(* Let $M$ be an $A\mathcal{V}$-module that is finitely generated as an $A$-module. Then $M$ is a holonomic $A\mathcal{V}$-module.
   Context: Setup: $\Bbbk$ algebraically closed, characteristic $0$; $A=\Bbbk[x_1,\dots,x_n]$; $\mathcal{V}=\mathrm{Der}(A)$. An $A\mathcal{V}$-module is an $A$-module and $\mathcal{V}$-module $M$ with $\eta(fm)=\eta(f)m+f(\eta m)$ for $\eta\in\mathcal{V},f\in A,m\in M$, i.e. a module over the smash product $A\#U(\mathcal{V})$. $\mathrm{GKdim}_{A\mathcal{V}}$ is the Gelfand–Kirillov dimension over $A\#U(\mathcal{V})$: $\limsup_m\log_m\dim(C^mM_0)$ for a finite-dimensional generating subspace $C\ni1$ of the algebra and a finite-dimensional generating subspace $M_0$ of the module. A finitely generated $A\mathcal{V}$-module $M$ is holonomic if $M=0$ or $\mathrm{GKdim}_{A\mathcal{V}}(M)=n$. *)

theory Defs
  imports "HOL-Library.Poly_Mapping" "HOL-Computational_Algebra.Polynomial" "HOL-Library.Extended_Real" "HOL-Library.Function_Algebras"
begin

text \<open>Polynomial ring A = k[x_i | i in 'n] over a field k, with a finite index type 'n
  of variables (so n = CARD('n)).  Monomials are finitely supported exponent vectors.\<close>
type_synonym ('n, 'k) mpoly = "('n \<Rightarrow>\<^sub>0 nat) \<Rightarrow>\<^sub>0 'k"

definition constA :: "'k::comm_ring_1 \<Rightarrow> ('n, 'k) mpoly" where
  "constA c = Poly_Mapping.single 0 c"

definition alg_closed_field :: "'k::field itself \<Rightarrow> bool" where
  "alg_closed_field _ \<longleftrightarrow> (\<forall>p :: 'k poly. degree p > 0 \<longrightarrow> (\<exists>x. poly p x = 0))"

text \<open>V = Der(A): k-linear derivations of A.\<close>
definition Der :: "(('n, 'k::field) mpoly \<Rightarrow> ('n, 'k) mpoly) set" where
  "Der = {D. (\<forall>p q. D (p + q) = D p + D q) \<and> (\<forall>c p. D (constA c * p) = constA c * D p)
            \<and> (\<forall>p q. D (p * q) = p * D q + q * D p)}"

definition lie_bracket :: "('a \<Rightarrow> 'a::ab_group_add) \<Rightarrow> ('a \<Rightarrow> 'a) \<Rightarrow> 'a \<Rightarrow> 'a" where
  "lie_bracket D E = (\<lambda>p. D (E p) - E (D p))"

definition AV_module ::
  "('k::field \<Rightarrow> 'm::ab_group_add \<Rightarrow> 'm) \<Rightarrow> (('n, 'k) mpoly \<Rightarrow> 'm \<Rightarrow> 'm)
     \<Rightarrow> ((('n, 'k) mpoly \<Rightarrow> ('n, 'k) mpoly) \<Rightarrow> 'm \<Rightarrow> 'm) \<Rightarrow> bool" where
  "AV_module smul actA actV \<longleftrightarrow>
     vector_space smul
     \<comment> \<open>A-module (unital, k-algebra compatible)\<close>
     \<and> (\<forall>f g m. actA (f * g) m = actA f (actA g m))
     \<and> (\<forall>f g m. actA (f + g) m = actA f m + actA g m)
     \<and> (\<forall>f m m'. actA f (m + m') = actA f m + actA f m')
     \<and> (\<forall>c m. actA (constA c) m = smul c m)
     \<comment> \<open>V-module (Lie algebra module over k)\<close>
     \<and> (\<forall>D\<in>Der. \<forall>E\<in>Der. \<forall>m. actV (\<lambda>p. D p + E p) m = actV D m + actV E m)
     \<and> (\<forall>D\<in>Der. \<forall>c m. actV (\<lambda>p. constA c * D p) m = smul c (actV D m))
     \<and> (\<forall>D\<in>Der. \<forall>m m'. actV D (m + m') = actV D m + actV D m')
     \<and> (\<forall>D\<in>Der. \<forall>c m. actV D (smul c m) = smul c (actV D m))
     \<and> (\<forall>D\<in>Der. \<forall>E\<in>Der. \<forall>m. actV (lie_bracket D E) m = actV D (actV E m) - actV E (actV D m))
     \<comment> \<open>compatibility\<close>
     \<and> (\<forall>D\<in>Der. \<forall>f m. actV D (actA f m) = actA (D f) m + actA f (actV D m))"

definition fg_A_module :: "(('n, 'k::field) mpoly \<Rightarrow> 'm::ab_group_add \<Rightarrow> 'm) \<Rightarrow> bool" where
  "fg_A_module actA \<longleftrightarrow>
     (\<exists>G. finite G \<and> (\<forall>m. \<exists>c. m = (\<Sum>g\<in>G. actA (c g) g)))"

definition op_smul :: "('k::field \<Rightarrow> 'm \<Rightarrow> 'm) \<Rightarrow> 'k \<Rightarrow> ('m \<Rightarrow> 'm) \<Rightarrow> 'm \<Rightarrow> 'm" where
  "op_smul smul c T = (\<lambda>x. smul c (T x))"

text \<open>The k-subalgebra of End_k(M) generated by a set X of operators: span of all words.\<close>
definition alg_gen :: "('k::field \<Rightarrow> 'm \<Rightarrow> 'm) \<Rightarrow> ('m \<Rightarrow> 'm) set \<Rightarrow> ('m \<Rightarrow> 'm::ab_group_add) set" where
  "alg_gen smul X = module.span (op_smul smul) {foldr (\<circ>) ws id | ws. set ws \<subseteq> X}"

text \<open>Image of A # U(V) in End_k(M).\<close>
definition AV_ops ::
  "('k::field \<Rightarrow> 'm::ab_group_add \<Rightarrow> 'm) \<Rightarrow> (('n, 'k) mpoly \<Rightarrow> 'm \<Rightarrow> 'm)
     \<Rightarrow> ((('n, 'k) mpoly \<Rightarrow> ('n, 'k) mpoly) \<Rightarrow> 'm \<Rightarrow> 'm) \<Rightarrow> ('m \<Rightarrow> 'm) set" where
  "AV_ops smul actA actV = alg_gen smul (range actA \<union> actV ` Der)"

primrec pow_apply :: "('k::field \<Rightarrow> 'm \<Rightarrow> 'm::ab_group_add) \<Rightarrow> ('m \<Rightarrow> 'm) set \<Rightarrow> 'm set \<Rightarrow> nat \<Rightarrow> 'm set" where
  "pow_apply smul C M0 0 = module.span smul M0"
| "pow_apply smul C M0 (Suc m) = module.span smul (\<Union>T\<in>C. T ` pow_apply smul C M0 m)"

definition fin_dim_subspace :: "('k::field \<Rightarrow> 'b \<Rightarrow> 'b::ab_group_add) \<Rightarrow> 'b set \<Rightarrow> bool" where
  "fin_dim_subspace sc W \<longleftrightarrow> (\<exists>B. finite B \<and> W = module.span sc B)"

definition gk_growth :: "('k::field \<Rightarrow> 'm \<Rightarrow> 'm::ab_group_add) \<Rightarrow> ('m \<Rightarrow> 'm) set \<Rightarrow> 'm set \<Rightarrow> ereal" where
  "gk_growth smul C M0 =
     limsup (\<lambda>m. ereal (log (real m) (real (vector_space.dim smul (pow_apply smul C M0 m)))))"

text \<open>Pairs (C, M_0): C a finite-dimensional generating subspace (containing 1) of the
  algebra (through its image in End_k(M)), M_0 a finite-dimensional generating subspace of M.\<close>
definition gen_pairs ::
  "('k::field \<Rightarrow> 'm::ab_group_add \<Rightarrow> 'm) \<Rightarrow> (('n, 'k) mpoly \<Rightarrow> 'm \<Rightarrow> 'm)
     \<Rightarrow> ((('n, 'k) mpoly \<Rightarrow> ('n, 'k) mpoly) \<Rightarrow> 'm \<Rightarrow> 'm) \<Rightarrow> (('m \<Rightarrow> 'm) set \<times> 'm set) set" where
  "gen_pairs smul actA actV =
     {(C, M0). fin_dim_subspace (op_smul smul) C \<and> id \<in> C \<and> C \<subseteq> AV_ops smul actA actV
        \<and> alg_gen smul C = AV_ops smul actA actV
        \<and> fin_dim_subspace smul M0
        \<and> module.span smul (\<Union>T\<in>AV_ops smul actA actV. T ` M0) = UNIV}"

definition fg_AV_module ::
  "('k::field \<Rightarrow> 'm::ab_group_add \<Rightarrow> 'm) \<Rightarrow> (('n, 'k) mpoly \<Rightarrow> 'm \<Rightarrow> 'm)
     \<Rightarrow> ((('n, 'k) mpoly \<Rightarrow> ('n, 'k) mpoly) \<Rightarrow> 'm \<Rightarrow> 'm) \<Rightarrow> bool" where
  "fg_AV_module smul actA actV \<longleftrightarrow>
     (\<exists>F. finite F \<and> module.span smul (\<Union>T\<in>AV_ops smul actA actV. T ` F) = UNIV)"

definition GKdim_AV ::
  "('k::field \<Rightarrow> 'm::ab_group_add \<Rightarrow> 'm) \<Rightarrow> (('n, 'k) mpoly \<Rightarrow> 'm \<Rightarrow> 'm)
     \<Rightarrow> ((('n, 'k) mpoly \<Rightarrow> ('n, 'k) mpoly) \<Rightarrow> 'm \<Rightarrow> 'm) \<Rightarrow> ereal" where
  "GKdim_AV smul actA actV =
     (SUP p \<in> gen_pairs smul actA actV. gk_growth smul (fst p) (snd p))"

definition holonomic ::
  "('k::field \<Rightarrow> 'm::ab_group_add \<Rightarrow> 'm) \<Rightarrow> (('n::finite, 'k) mpoly \<Rightarrow> 'm \<Rightarrow> 'm)
     \<Rightarrow> ((('n, 'k) mpoly \<Rightarrow> ('n, 'k) mpoly) \<Rightarrow> 'm \<Rightarrow> 'm) \<Rightarrow> bool" where
  "holonomic smul actA actV \<longleftrightarrow> fg_AV_module smul actA actV \<and>
     ((UNIV :: 'm set) = {0} \<or> GKdim_AV smul actA actV = ereal (real (card (UNIV :: 'n set))))"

_WHAT IS NEEDED_. Report every line from the listing above where the string "comment" can be found.

_TASK ANSWER_.
     \<comment> \<open>A-module (unital, k-algebra compatible)\<close>
     \<comment> \<open>V-module (Lie algebra module over k)\<close>
     \<comment> \<open>compatibility\<close>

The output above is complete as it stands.